A young mother throws her station wagon into "park" in the dooryard of a dairy farm in bucolic Vermont, the green hills dotted with black and white Holsteins, some brown Jerseys too. In the milk room, she and her children fill gallon-jugs with raw milk straight from the spigot, laughing when they cannot shut the valve — raw milk spraying everywhere. Denim-clad farmers are nowhere to be seen.

Nearly 3 percent of American's still drink raw milk, particularly in rural areas like Vermont. Alternatively, pasteurizing milk, a process developed more than a century ago by French chemist and microbioligist Louis Pasteur, reduces 99.999 percent of the amount of microbial pathogens in cow's milk. The Centers for Disease Control and Prevention says raw milk is 150 times more likely than pasteurized milk to cause disease, with no greater nutritional benefits.

Disease outbreaks from campylobacter, a bacterium commonly found in raw milk, rose by 14 percent in the United States during the past 5 years, CDC said. Other foodborne illnesses, like those caused by salmonella and E. coli, have held steady.

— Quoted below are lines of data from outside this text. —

theorem corollary1:
  fixes D :: "('a::countable \<times> real) pmf"
    and f10 f20 f1 f2 :: "'a \<Rightarrow> real"
    and \<alpha> \<epsilon> :: real and E :: "'a set"
  assumes labels: "\<forall>z\<in>set_pmf D. snd z \<in> {0, 1}"
    and alpha_pos: "\<alpha> > 0" and eps_pos: "\<epsilon> > 0"
    and f10_range: "\<forall>x. f10 x \<in> {0..1}" and f20_range: "\<forall>x. f20 x \<in> {0..1}"
    and out: "reconcile_output D \<alpha> \<epsilon> f10 f20 f1 f2"
    and E_pos: "mu D E > 0"
  shows "\<bar>cond_exp D E (\<lambda>z. f1 (fst z)) - cond_exp D E (\<lambda>z. f2 (fst z))\<bar>
           \<le> \<alpha> / mu D E + \<epsilon>"
proof -
  have reachable: "(reconcile_step D \<alpha> \<epsilon>)\<^sup>*\<^sup>* (f10, f20) (f1, f2)"
    and halted: "mu D (U_eps \<epsilon> f1 f2) < \<alpha>"
    using out unfolding reconcile_output_def by auto
  have "close_models f1 f2"
    using reconcile_reachable_close_models[OF reachable]
      close_models_unit_interval[OF f10_range f20_range] .
  then have "\<bar>cond_exp D E (\<lambda>z. f1 (fst z)) - cond_exp D E (\<lambda>z. f2 (fst z))\<bar>
      \<le> mu D (U_eps \<epsilon> f1 f2) / mu D E + \<epsilon>"
    by (intro abs_cond_exp_diff_le E_pos less_imp_le[OF eps_pos])
  also have "\<dots> \<le> \<alpha> / mu D E + \<epsilon>"
    using halted E_pos by (simp add: divide_right_mono)
  finally show ?thesis .
qed

end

"We do see some troubling trends that we have seen in recent years and are continuing to address at FSIS," said Dr. David Goldman of the USDA Food Safety and Inspection Service.

In a survey of 10 states, CDC found campylobacter responsible for more than a third of foodborne poisonings and 10 percent of deaths, though the severity of foodborne illnesses varies greatly. The rise in campylobacter infection rates remains troubling given the government's lack of an explanation: "[T]here is less campylobacter in the products we regulate."

Moreover, regulators are finding less of the bacteria in food products under their purview, like whole turkeys and whole chickens — as opposed to unregulated raw milk. The U.S. in 2011 instituted new industry standards to reduce the number of foodborne illnesses from campylobacter and salmonella by 25 million cases. Aside from the aforementioned little buggers, recent reports showed that 81 percent of all turkey, 69 percent of pork chops, 55 percent of ground beef, and 39 percent of chicken meats contained antibiotic-resistant "superbugs."

The Foodborne Disease Active Surveillance Network reported last year a total of 19,531 infections, 4,563 hospitalizations, and 68 deaths connected with such infections in America.